# Homework Help: Remaining in the same spot on a spinning disk

1. Dec 1, 2017

### Fibo112

1. The problem statement, all variables and given/known data
The problem is to figure out what acceleration is needed relative to a rotating disk to remain in the same spot(meaning to not rotate with the disk).

2. Relevant equations
a=wr^2

3. The attempt at a solution
I thought that since the Person remaining stationary would be rotating in the opposite direction from the viewpoint of a rotating system the acceleration needed would be w^r2 pointing radially inwards.

2. Dec 1, 2017

### Staff: Mentor

Relative to the non-spinning surroundings, what would be the person's acceleration?

3. Dec 1, 2017

### Fibo112

When the Person is stationary the net acceleration has to be zero.

4. Dec 1, 2017

### Staff: Mentor

Relative to all inertial frames of reference, acceleration is invariant.

5. Dec 1, 2017

### Staff: Mentor

I may have misinterpreted this question. It seems to me that your original answer is correct.

6. Dec 1, 2017

### Fibo112

I may have phrased it poorly..Let's say I am on a carousel and I am holding hands with someone standing on the ground next to the carousel. What does my acceleration have to be relative to the carousel so that we can remain holding hands

7. Dec 1, 2017

### Fibo112

Heres what confuses me also. In the question it is phrased: with what acceleration should the person beginn walking in y direction, where the y direction is perpendicular to the vector pointing from the person to the center.

8. Dec 1, 2017

### Staff: Mentor

Yes. That would be correct.

9. Dec 1, 2017

### Fibo112

?

10. Dec 1, 2017

### haruspex

If A has acceleration a, in an inertial frame, and B has acceleration b, what is A's acceleration relative to B? What equation does that allow you to write in this context?

11. Dec 1, 2017

### haruspex

That is rather a different question. In fact, I am not sure it makes sense. Please quote the entire question word for word.

12. Dec 1, 2017

### Staff: Mentor

From the framework of the rotating table, if you are standing still on the rotating table (i.e., rotating with the table), you would be experiencing an inwardly directed force from the table on the sole of your shoe and an outwardly directed body (pseudo) force (centrifugal force, equivalent to an outwardly directed gravitational force). These two forces would be judged to be equal, and you would think you were in equilibrium.

If you were stationary in actual space (moving tangent to the radial lines of the table as reckoned from the table frame of reference at a velocity $\omega r$ opposite to the actual direction of rotation), as reckoned from the frame of reference of the rotating table, you would be experiencing a radial acceleration inward toward the center of the table. There would be no inward or outward force of the table on the soles of your feet.

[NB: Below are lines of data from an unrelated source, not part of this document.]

lemma closedin_bounded_holomorphic_restrictions:
  assumes L: "closed L"
  shows "closedin (CL_top L) (bounded_holomorphic_restrictions L w r M)"
  unfolding closure_of_subset_eq[symmetric]
proof (rule conjI)
  show "bounded_holomorphic_restrictions L w r M \<subseteq> topspace (CL_top L)"
    unfolding topspace_CL_top bounded_holomorphic_restrictions_def by blast
next
  show "CL_top L closure_of bounded_holomorphic_restrictions L w r M \<subseteq> bounded_holomorphic_restrictions L w r M"
  proof
    fix u assume u: "u \<in> CL_top L closure_of bounded_holomorphic_restrictions L w r M"
    then have "u \<in> CL L" and meets: "\<And>K e. compact K \<Longrightarrow> K \<subseteq> L \<Longrightarrow> e > 0 \<Longrightarrow>
        bounded_holomorphic_restrictions L w r M \<inter> cu_nbhd L u K e \<noteq> {}"
      unfolding mem_closure_of_CL_top by blast+
    have "L \<inter> ball w r \<noteq> {}"
      using meets[of "{}" 1] unfolding bounded_holomorphic_restrictions_def by auto
    define K where "K n = L \<inter> cball w (r - inverse (Suc n))" for n :: nat
    have "cball w (r - inverse (Suc n)) \<subseteq> ball w r" for n
      by (simp add: cball_subset_ball_iff)
    then have "compact (K n)" "K n \<subseteq> L \<inter> ball w r" for n
      unfolding K_def using L by (auto intro: closed_Int_compact)
    have "\<exists>F. F holomorphic_on ball w r \<and> (\<forall>z\<in>ball w r. norm (F z) \<le> M) \<and>
        (\<forall>z\<in>K n. norm (F z - u z) < inverse (Suc n))" for n
    proof -
      obtain F where "F holomorphic_on ball w r" "\<And>z. z \<in> ball w r \<Longrightarrow> norm (F z) \<le> M"
        "\<And>z. z \<in> K n \<Longrightarrow> norm (F z - u z) < inverse (Suc n)"
        by (rule mem_closure_bounded_holomorphic_restrictionsE[OF u \<open>compact (K n)\<close> \<open>K n \<subseteq> L \<inter> ball w r\<close>,
              of "inverse (Suc n)"]) simp_all
      then show ?thesis
        by blast
    qed
    then obtain F where F: "\<And>n. F n holomorphic_on ball w r" "\<And>n z. z \<in> ball w r \<Longrightarrow> norm (F n z) \<le> M"
      and F_near: "\<And>n z. z \<in> K n \<Longrightarrow> norm (F n z - u z) < inverse (Suc n)"
      by metis
    have lim: "(\<lambda>n. F n z) \<longlonglongrightarrow> u z" if z: "z \<in> ball w r \<inter> L" for z
    proof -
      have "\<forall>\<^sub>F n in sequentially. z \<in> K n"
        using eventually_in_cball_shrinking[of z w r] z unfolding K_def by simp
      then have "\<forall>\<^sub>F n in sequentially. norm (F n z - u z) \<le> inverse (Suc n)"
        by eventually_elim (use F_near in \<open>simp add: less_imp_le\<close>)
      then have "(\<lambda>n. F n z - u z) \<longlonglongrightarrow> 0"
        by (rule Lim_null_comparison[OF _ LIMSEQ_inverse_real_of_nat])
      then show ?thesis
        by (rule LIM_zero_cancel)
    qed
    obtain g where "g holomorphic_on ball w r" "\<And>z. z \<in> ball w r \<Longrightarrow> norm (g z) \<le> M"
      "\<And>z. z \<in> ball w r \<inter> L \<Longrightarrow> g z = u z"
      by (rule holomorphic_bounded_pointwise_limit[where T = "ball w r \<inter> L", OF open_ball F lim]) auto
    then show "u \<in> bounded_holomorphic_restrictions L w r M"
      unfolding bounded_holomorphic_restrictions_def using \<open>u \<in> CL L\<close> \<open>L \<inter> ball w r \<noteq> {}\<close> by blast
  qed
qed

lemma holomorphic_eq_on_ball_if_eq_near_limit_point:
  assumes F: "F holomorphic_on ball w r" and G: "G holomorphic_on ball w r"
    and z1: "z1 \<in> ball w r" "z1 islimpt A" and "s > 0"
    and eq: "\<And>z. z \<in> A \<inter> ball z1 s \<inter> ball w r \<Longrightarrow> F z = G z" and p: "p \<in> ball w r"
  shows "F p = G p"
proof -
  define t where "t = min s (r - dist w z1)"
  have "t > 0"
    using \<open>s > 0\<close> z1(1) unfolding t_def by simp
  have "ball z1 t \<subseteq> ball w r"
    unfolding t_def by (auto simp: ball_subset_ball_iff dist_commute min_def)
  have "F p - G p = 0"
  proof (rule analytic_continuation[of "\<lambda>z. F z - G z" "ball w r" "A \<inter> ball z1 t" z1])
    show "(\<lambda>z. F z - G z) holomorphic_on ball w r"
      using F G by (rule holomorphic_on_diff)
    show "A \<inter> ball z1 t \<subseteq> ball w r"
      using \<open>ball z1 t \<subseteq> ball w r\<close> by blast
    show "z1 islimpt A \<inter> ball z1 t"
      using z1(2) \<open>t > 0\<close> by (intro islimpt_Int_eventually eventually_at_in_open') auto
    show "F z - G z = 0" if "z \<in> A \<inter> ball z1 t" for z
      using eq[of z] that \<open>ball z1 t \<subseteq> ball w r\<close> unfolding t_def by auto
  qed (use z1(1) p in auto)
  then show ?thesis
    by simp
qed

lemma add_bump_in_cu_nbhd:
  assumes u: "u \<in> CL L" and b: "continuous_on L b" "\<And>z. z \<in> L \<Longrightarrow> \<bar>b z\<bar> < e" and "K \<subseteq> L"
  shows "(\<lambda>z. if z \<in> L then u z + of_real (b z) else 0) \<in> cu_nbhd L u K e"
proof -
  have "continuous_on L (\<lambda>z. u z + of_real (b z))"
    using u b(1) unfolding CL_def by (intro continuous_intros) auto
  then have "continuous_on L (\<lambda>z. if z \<in> L then u z + of_real (b z) else 0)"
    by (rule continuous_on_eq) simp
  then show ?thesis
    using b(2) \<open>K \<subseteq> L\<close> unfolding cu_nbhd_def CL_def by auto
qed

lemma dense_CL_diff_bounded_holomorphic_restrictions:
  assumes L: "closed L" and perfect: "\<And>x. x \<in> L \<Longrightarrow> x islimpt L"
  shows "CL_top L closure_of (CL L - bounded_holomorphic_restrictions L w r M) = topspace (CL_top L)"
  unfolding dense_in_CL_top_iff
proof (intro ballI allI impI)
  fix u K e assume u: "u \<in> CL L" and "compact K" "K \<subseteq> L" and "(e::real) > 0"
  show "(CL L - bounded_holomorphic_restrictions L w r M) \<inter> cu_nbhd L u K e \<noteq> {}"
  proof (cases "u \<in> bounded_holomorphic_restrictions L w r M")
    case False
    then show ?thesis
      using u centre_in_cu_nbhd[OF u \<open>e > 0\<close>] by blast
  next
    case True
    then obtain z1 F1 where z1: "z1 \<in> L" "z1 \<in> ball w r" and F1: "F1 holomorphic_on ball w r"
      and F1_eq: "\<forall>z\<in>ball w r \<inter> L. F1 z = u z"
      unfolding bounded_holomorphic_restrictions_def by blast
    obtain p where p: "p \<in> L" "p \<in> ball w r" "p \<noteq> z1"
      using islimptE[OF perfect[OF z1(1)] z1(2) open_ball] by metis
    define A where "A = L \<inter> cball z1 (dist z1 p / 2)"
    have "p \<notin> A"
      using p(3) unfolding A_def by simp
    then have "infdist p A > 0"
      using L z1(1) unfolding A_def by (intro infdist_pos_not_in_closed) (auto intro: closed_Int)
    define b where "b z = e/2 * min 1 (infdist z A)" for z
    define v where "v z = (if z \<in> L then u z + of_real (b z) else 0)" for z
    have "\<bar>b z\<bar> < e" for z
      using \<open>e > 0\<close> infdist_nonneg[of z A] unfolding b_def by simp
    then have "v \<in> cu_nbhd L u K e"
      unfolding v_def b_def using u \<open>K \<subseteq> L\<close>
      by (intro add_bump_in_cu_nbhd continuous_intros) auto
    moreover have "v \<notin> bounded_holomorphic_restrictions L w r M"
    proof
      assume "v \<in> bounded_holomorphic_restrictions L w r M"
      then obtain F2 where F2: "F2 holomorphic_on ball w r" and F2_eq: "\<forall>z\<in>ball w r \<inter> L. F2 z = v z"
        unfolding bounded_holomorphic_restrictions_def by blast
      have "F2 z = F1 z" if "z \<in> L \<inter> ball z1 (dist z1 p / 2) \<inter> ball w r" for z
      proof -
        have "z \<in> A"
          using that unfolding A_def by auto
        then show ?thesis
          using that F1_eq F2_eq unfolding v_def b_def by auto
      qed
      then have "F2 p = F1 p"
        using p(3) by (intro holomorphic_eq_on_ball_if_eq_near_limit_point[where s = "dist z1 p / 2",
            OF F2 F1 z1(2) perfect[OF z1(1)] _ _ p(2)]) auto
      then have "b p = 0"
        using F1_eq F2_eq p(1,2) unfolding v_def by simp
      then show False
        using \<open>infdist p A > 0\<close> \<open>e > 0\<close> unfolding b_def by simp
    qed
    ultimately show ?thesis
      using cu_nbhd_subset_CL by blast
  qed
qed

lemma open_dense_CL_diff_bounded_holomorphic_restrictions:
  assumes "closed L" "\<And>x. x \<in> L \<Longrightarrow> x islimpt L"
  shows "openin (CL_top L) (CL L - bounded_holomorphic_restrictions L w r M) \<and>
    CL_top L closure_of (CL L - bounded_holomorphic_restrictions L w r M) = topspace (CL_top L)"
  using openin_diff[OF openin_topspace closedin_bounded_holomorphic_restrictions[OF assms(1)]]
    dense_CL_diff_bounded_holomorphic_restrictions[OF assms] unfolding topspace_CL_top by simp
(* Let $d\ge 1$ and $\vec\gamma=(\gamma_1,\dots,\gamma_d)\in\mathbb{Z}^d$. Let $g\colon\mathbb{C}\to\mathbb{C}$ be holomorphic with a simple zero $\alpha\neq 0$, with expansion $g(z)=\sum_{k\ge 1}c_k(z-\alpha)^k$, $c_1\neq 0$; fix a point of $L$ over $\alpha$, also denoted $\alpha$. For $\vec a\in\mathbb{C}^d$ let $f(z;\vec a)=g(z)+\sum_{i=1}^d a_i z^{\gamma_i}$ for $z\in L$. Suppose that for some neighborhood $U\subset\mathbb{C}^d$ of $\vec 0$ there is a smooth map $\phi\colon U\to L$ with $f(\phi(\vec a);\vec a)=0$ for all $\vec a\in U$ and $\phi(\vec 0)=\alpha$. Then for every $\vec n=(n_1,\dots,n_d)\in\mathbb{Z}_{\ge0}^d$ with $\Sigma\vec n:=\sum_i n_i\ge 1$, \[ \frac{\partial(\phi,\vec n)}{\prod_{i=1}^d n_i!}\in \alpha^{\vec n\cdot\vec\gamma}\,\mathbb{Z}\big[\alpha^{-1},c_1^{-1},c_2,c_3,\dots,c_{\Sigma\vec n}\big], \] i.e. it equals $\alpha^{\vec n\cdot\vec\gamma}$ times a polynomial with integer coefficients in $\alpha^{-1},c_1^{-1},c_2,\dots,c_{\Sigma\vec n}$, where $\partial(\phi,\vec n)=\prod_{i=1}^d\big(\frac{\partial}{\partial a_i}\big)^{n_i}\phi(\vec a)\big|_{\vec a=\vec 0}$ and $\vec n\cdot\vec\gamma=\sum_i n_i\gamma_i$.
   Context: $L$ is the Riemann surface of the logarithm, parametrized by triples $(r,\theta,n)$ with $r>0$, $\theta\in(-\pi,\pi]$, $n\in\mathbb{Z}$; for $z=(r,\theta,n)\in L$ and $\gamma\in\mathbb{C}$, $z^\gamma=e^{\gamma\ln r+i\gamma\theta+2\pi i n\gamma}$. $g(z)$ for $z\in L$ near $\alpha$ means $g(z^1)$, and derivatives of $\phi$ are taken in the local complex coordinate $z\mapsto z^1$ near $\alpha$. *)

theory Defs
  imports "HOL-Analysis.Analysis"
begin

definition cpartial :: "'d::finite \<Rightarrow> (complex^'d \<Rightarrow> complex) \<Rightarrow> complex^'d \<Rightarrow> complex" where
  "cpartial i f a = deriv (\<lambda>z. f (\<chi> j. if j = i then z else a $ j)) (a $ i)"

definition mixed_partial :: "nat^'d::finite \<Rightarrow> (complex^'d \<Rightarrow> complex) \<Rightarrow> complex^'d \<Rightarrow> complex" where
  "mixed_partial n f = foldr (\<lambda>i h. (cpartial i ^^ (n $ i)) h)
      (SOME xs. set xs = (UNIV :: 'd set) \<and> distinct xs) f"

definition cholomorphic_on :: "(complex^'d::finite \<Rightarrow> complex) \<Rightarrow> (complex^'d) set \<Rightarrow> bool" where
  "cholomorphic_on f U \<longleftrightarrow> (\<forall>a\<in>U. \<exists>D. (f has_derivative D) (at a) \<and>
       (\<forall>c x. D (c *s x) = c * D x))"

text \<open>Values at x(0),...,x(N) of polynomials with integer coefficients in N+1 variables,
  i.e. the ring Z[x 0, ..., x N].\<close>
definition int_poly_vals :: "nat \<Rightarrow> (nat \<Rightarrow> complex) \<Rightarrow> complex set" where
  "int_poly_vals N x = {z. \<exists>(M :: (nat \<Rightarrow> nat) set) (coef :: (nat \<Rightarrow> nat) \<Rightarrow> int).
      finite M \<and> z = (\<Sum>m\<in>M. of_int (coef m) * (\<Prod>j\<le>N. x j ^ m j))}"

end

theory Submission
  imports Defs "HOL-Complex_Analysis.Complex_Analysis"
begin

text \<open>The root \<open>\<psi>\<close> of \<open>g u + (\<Sum>j. a\<^sub>j u\<^bsup>\<gamma>\<^sub>j\<^esup>) = 0\<close> is studied one
  coordinate \<open>a\<^sub>i\<close> at a time, with Taylor coefficients of compositions computed by composing
  power series.  The \<open>k\<close>-th Taylor coefficient in \<open>a\<^sub>i\<close> of the defining equation reads
  \<open>dF \<cdot> (k-th coefficient of \<psi>) + rest = 0\<close>, where \<open>dF\<close> is the \<open>u\<close>-derivative of the
  equation and \<open>rest\<close> involves only lower coefficients of \<open>\<psi>\<close>.  By induction the
  coefficients of \<open>\<psi>\<close>, and then all normalised mixed partials, stay in a class of
  admissible functions: integer polynomials in \<open>\<psi>\<^sup>\<plusminus>\<^sup>1\<close>, the coordinates,
  \<open>1 / dF\<close> and \<open>g\<^bsup>(m)\<^esup>(\<psi>) / m!\<close>, graded by a weight in which \<open>\<psi>\<close> counts \<open>1\<close> and
  \<open>a\<^sub>j\<close> counts \<open>-\<gamma>\<^sub>j\<close>; a \<open>k\<close>-th coefficient in \<open>a\<^sub>i\<close> raises the weight by
  \<open>k \<gamma>\<^sub>i\<close> and the largest \<open>m\<close> by at most \<open>k\<close>.  At \<open>a = 0\<close> we have \<open>\<psi> = \<alpha>\<close> and
  \<open>dF = c\<^sub>1\<close>, so an admissible function of weight \<open>w\<close> takes a value in
  \<open>\<alpha>\<^sup>w \<int>[\<alpha>\<^sup>-\<^sup>1, c\<^sub>1\<^sup>-\<^sup>1, c\<^sub>2, \<dots>]\<close>.\<close>

section \<open>Integer polynomial values\<close>

lemma int_poly_vals_monomial: "of_int c * (\<Prod>j\<le>N. x j ^ m j) \<in> int_poly_vals N x"
  unfolding int_poly_vals_def by (intro CollectI exI[of _ "{m}"] exI[of _ "\<lambda>_. c"]) simp

lemma int_poly_vals_of_int: "of_int c \<in> int_poly_vals N x"
  using int_poly_vals_monomial[where c=c and m="\<lambda>_. 0"] by simp

lemma int_poly_vals_var:
  assumes "k \<le> N"
  shows "x k \<in> int_poly_vals N x"
proof -
  have "(\<Prod>j\<le>N. x j ^ (if j = k then 1 else 0)) = x k"
    using assms by (simp add: if_distrib[of "\<lambda>e. x _ ^ e"] prod.delta' cong: if_cong)
  moreover have "of_int 1 * (\<Prod>j\<le>N. x j ^ (if j = k then 1 else 0)) \<in> int_poly_vals N x"
    by (rule int_poly_vals_monomial)
  ultimately show ?thesis by simp
qed

lemma int_poly_vals_add:
  assumes "p \<in> int_poly_vals N x" "q \<in> int_poly_vals N x"
  shows "p + q \<in> int_poly_vals N x"
proof -
  obtain M1 c1 where M1: "finite M1" and p: "p = (\<Sum>m\<in>M1. of_int (c1 m) * (\<Prod>j\<le>N. x j ^ m j))"
    using assms(1) unfolding int_poly_vals_def by blast
  obtain M2 c2 where M2: "finite M2" and q: "q = (\<Sum>m\<in>M2. of_int (c2 m) * (\<Prod>j\<le>N. x j ^ m j))"
    using assms(2) unfolding int_poly_vals_def by blast
  define c where "c m = (if m \<in> M1 then c1 m else 0) + (if m \<in> M2 then c2 m else 0)" for m
  have "p = (\<Sum>m\<in>M1 \<union> M2. of_int (if m \<in> M1 then c1 m else 0) * (\<Prod>j\<le>N. x j ^ m j))"
    unfolding p using M1 M2 by (intro sum.mono_neutral_cong_left) auto
  moreover have "q = (\<Sum>m\<in>M1 \<union> M2. of_int (if m \<in> M2 then c2 m else 0) * (\<Prod>j\<le>N. x j ^ m j))"
    unfolding q using M1 M2 by (intro sum.mono_neutral_cong_left) auto
  ultimately have "p + q = (\<Sum>m\<in>M1 \<union> M2. of_int (c m) * (\<Prod>j\<le>N. x j ^ m j))"
    by (simp add: c_def sum.distrib[symmetric] distrib_right)
  thus ?thesis unfolding int_poly_vals_def using M1 M2 by blast
qed
(* Let $X$ be a topological space. For every irreducible closed subset $C$ of $X$, let $e_C:\mathcal OX\to[0,\infty]$ map every open $U$ to $1$ if $U\cap C\neq\emptyset$ and to $0$ otherwise. Then $e_C$ is a point-continuous valuation. If $C$ is the closure of $\{x\}$ for some point $x$, then $e_C=\delta_x$.
   Context: A non-empty subset $A$ is irreducible if $A\subseteq B\cup C$ with $B,C$ closed implies $A\subseteq B$ or $A\subseteq C$. A valuation is a map $\mathcal OX\to[0,\infty]$ with value $0$ on $\emptyset$, monotone and modular. It is point-continuous if for every open $U$ and real $r$ with $0\le r<\nu(U)$ there is a finite $A\subseteq U$ with $\nu(V)>r$ for every open $V\supseteq A$. $\delta_x$ is the Dirac valuation: $\delta_x(U)=1$ if $x\in U$, else $0$. *)

theory Defs
  imports "HOL-Analysis.Analysis"
begin

definition irreducible_in :: "'a topology \<Rightarrow> 'a set \<Rightarrow> bool" where
  "irreducible_in T A \<longleftrightarrow> A \<noteq> {} \<and> A \<subseteq> topspace T \<and>
     (\<forall>B C. closedin T B \<longrightarrow> closedin T C \<longrightarrow> A \<subseteq> B \<union> C \<longrightarrow> A \<subseteq> B \<or> A \<subseteq> C)"

text \<open>A valuation: a map from open sets to [0,\<infinity>], zero on the empty set, monotone, modular.
  Only its values on open sets matter.\<close>
definition valuation :: "'a topology \<Rightarrow> ('a set \<Rightarrow> ennreal) \<Rightarrow> bool" where
  "valuation T \<nu> \<longleftrightarrow> \<nu> {} = 0 \<and>
     (\<forall>U V. openin T U \<longrightarrow> openin T V \<longrightarrow> U \<subseteq> V \<longrightarrow> \<nu> U \<le> \<nu> V) \<and>
     (\<forall>U V. openin T U \<longrightarrow> openin T V \<longrightarrow> \<nu> (U \<union> V) + \<nu> (U \<inter> V) = \<nu> U + \<nu> V)"

definition point_continuous :: "'a topology \<Rightarrow> ('a set \<Rightarrow> ennreal) \<Rightarrow> bool" where
  "point_continuous T \<nu> \<longleftrightarrow>
     (\<forall>U (r::real). openin T U \<longrightarrow> 0 \<le> r \<longrightarrow> ennreal r < \<nu> U \<longrightarrow>
        (\<exists>A. finite A \<and> A \<subseteq> U \<and> (\<forall>V. openin T V \<longrightarrow> A \<subseteq> V \<longrightarrow> ennreal r < \<nu> V)))"

definition dirac_val :: "'a \<Rightarrow> 'a set \<Rightarrow> ennreal" where
  "dirac_val x U = (if x \<in> U then 1 else 0)"

definition e_val :: "'a set \<Rightarrow> 'a set \<Rightarrow> ennreal" where
  "e_val C U = (if U \<inter> C \<noteq> {} then 1 else 0)"

end

theory Submission
  imports Defs
begin

(* Irreducibility of C says exactly that any two open sets meeting C meet each other inside C
   (pass to complements). Hence the sets U with e_C(U) = 1 form a filter on the open sets, which
   makes e_C modular; point-continuity is witnessed by a single point of U \<inter> C; and an open set
   meets the closure of {x} iff it contains x. *)

lemma irreducible_in_open_Int_nonempty:
  assumes "irreducible_in T C" "openin T U" "openin T V" "U \<inter> C \<noteq> {}" "V \<inter> C \<noteq> {}"
  shows "U \<inter> V \<inter> C \<noteq> {}"
proof
  assume disjoint: "U \<inter> V \<inter> C = {}"
  have "C \<subseteq> topspace T"
    using assms(1) by (simp add: irreducible_in_def)
  then have "C \<subseteq> (topspace T - U) \<union> (topspace T - V)"
    using disjoint by blast
  moreover have "closedin T (topspace T - U)" "closedin T (topspace T - V)"
    using assms(2,3) by auto
  ultimately have "C \<subseteq> topspace T - U \<or> C \<subseteq> topspace T - V"
    using assms(1) unfolding irreducible_in_def by blast
  then show False
    using assms(4,5) by blast
qed

lemma valuation_e_val:
  assumes "irreducible_in T C"
  shows "valuation T (e_val C)"
  unfolding valuation_def
proof (intro conjI allI impI)
  fix U V
  assume "openin T U" "openin T V" "U \<subseteq> V"
  then show "e_val C U \<le> e_val C V"
    unfolding e_val_def by auto
next
  fix U V
  assume opens: "openin T U" "openin T V"
  show "e_val C (U \<union> V) + e_val C (U \<inter> V) = e_val C U + e_val C V"
  proof (cases "U \<inter> C \<noteq> {} \<and> V \<inter> C \<noteq> {}")
    case True
    then have "U \<inter> V \<inter> C \<noteq> {}"
      using irreducible_in_open_Int_nonempty[OF assms opens] by blast
    then show ?thesis
      using True unfolding e_val_def by (auto simp: Int_Un_distrib2)
  next
    case False
    then show ?thesis
      unfolding e_val_def by (auto simp: Int_Un_distrib2 Int_assoc)
  qed
qed (simp add: e_val_def)

lemma point_continuous_e_val: "point_continuous T (e_val C)"
  unfolding point_continuous_def
proof (intro allI impI)
  fix U and r :: real
  assume "openin T U" "0 \<le> r" "ennreal r < e_val C U"
  then have r_less_1: "ennreal r < 1" and "U \<inter> C \<noteq> {}"
    unfolding e_val_def by (auto split: if_splits)
  then obtain a where "a \<in> U" "a \<in> C"
    by blast
  then show "\<exists>A. finite A \<and> A \<subseteq> U \<and> (\<forall>V. openin T V \<longrightarrow> A \<subseteq> V \<longrightarrow> ennreal r < e_val C V)"
    using r_less_1 by (intro exI[of _ "{a}"]) (auto simp: e_val_def)
qed

lemma e_val_closure_of_singleton:
  assumes "openin T U"
  shows "e_val (T closure_of {x}) U = dirac_val x U"
  using openin_Int_closure_of_eq_empty[OF assms, of "{x}"]
  unfolding e_val_def dirac_val_def by auto

theorem lemma4p1:
  fixes T :: "'a topology" and C :: "'a set"
  assumes "closedin T C" and "irreducible_in T C"
  shows "valuation T (e_val C) \<and> point_continuous T (e_val C) \<and>
         (\<forall>x \<in> topspace T. C = T closure_of {x} \<longrightarrow>
            (\<forall>U. openin T U \<longrightarrow> e_val C U = dirac_val x U))"
proof (intro conjI ballI impI allI)
  show "valuation T (e_val C)"
    using assms(2) by (rule valuation_e_val)
  show "point_continuous T (e_val C)"
    by (rule point_continuous_e_val)
  show "e_val C U = dirac_val x U" if "C = T closure_of {x}" "openin T U" for x U
    using that by (simp add: e_val_closure_of_singleton)
qed

end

So you would have to conclude that there is some kind of body force drawing you in toward the center of the table. It would be as if you were in free fall (i.e., in orbit).

13. Dec 1, 2017

### haruspex

If I were to let go a coin whilst in a rotating drum I think I would see it accelerate outwards.

14. Dec 1, 2017

### Staff: Mentor

This refers to the case where you are not rotating with the table. It is rotating underneath you. In that inertial frame of reference, the coin would fall straight downward.

15. Dec 1, 2017

### haruspex

No. In the below, substitute a coin for the person and have me rotating with the table. Instead of dropping the coin, I'll throw it with velocity opposite and equal to my instantaneous velocity in the ground frame. Ignore gravity.
As reckoned in my rotating frame of reference I would see the coin accelerate radially outward.

The simpler approach is to apply the usual rules of relative motion. Acceleration of point on disc, adisc+ acceleration of person relative to disc, aperson:disc = acceleration of person in ground frame, aperson. The question asks for the value of aperson:disc such that aperson=0.

Anyway, Fibo112's puzzlement is, at least in part, that the question specifies a tangential acceleration. That makes no sense to me either. Seems it would need an infinite acceleration until reaching the disc's tangential velocity.

16. Dec 1, 2017

### Staff: Mentor

Well, certainly, this is a deceptively complicated situation. The case I was referring to is where the person is hovering above the table (levitating) and, in the laboratory frame of reference, not rotating along with the table. If he dropped a coin in this situation, it would land at the same radial distance from the center of rotation as when it was released.

17. Dec 1, 2017

### haruspex

You have not performed the substitution I described.
You wrote:
Performing the subsititution that becomes:
If a coin were stationary in actual space (moving tangent to the radial lines of the table as reckoned from your frame of reference in the rotating drum, at a velocity ωr opposite to your actual direction of rotation), then as reckoned from your frame of reference in the rotating drum, the coin would be experiencing a radial acceleration inward toward the center of the table.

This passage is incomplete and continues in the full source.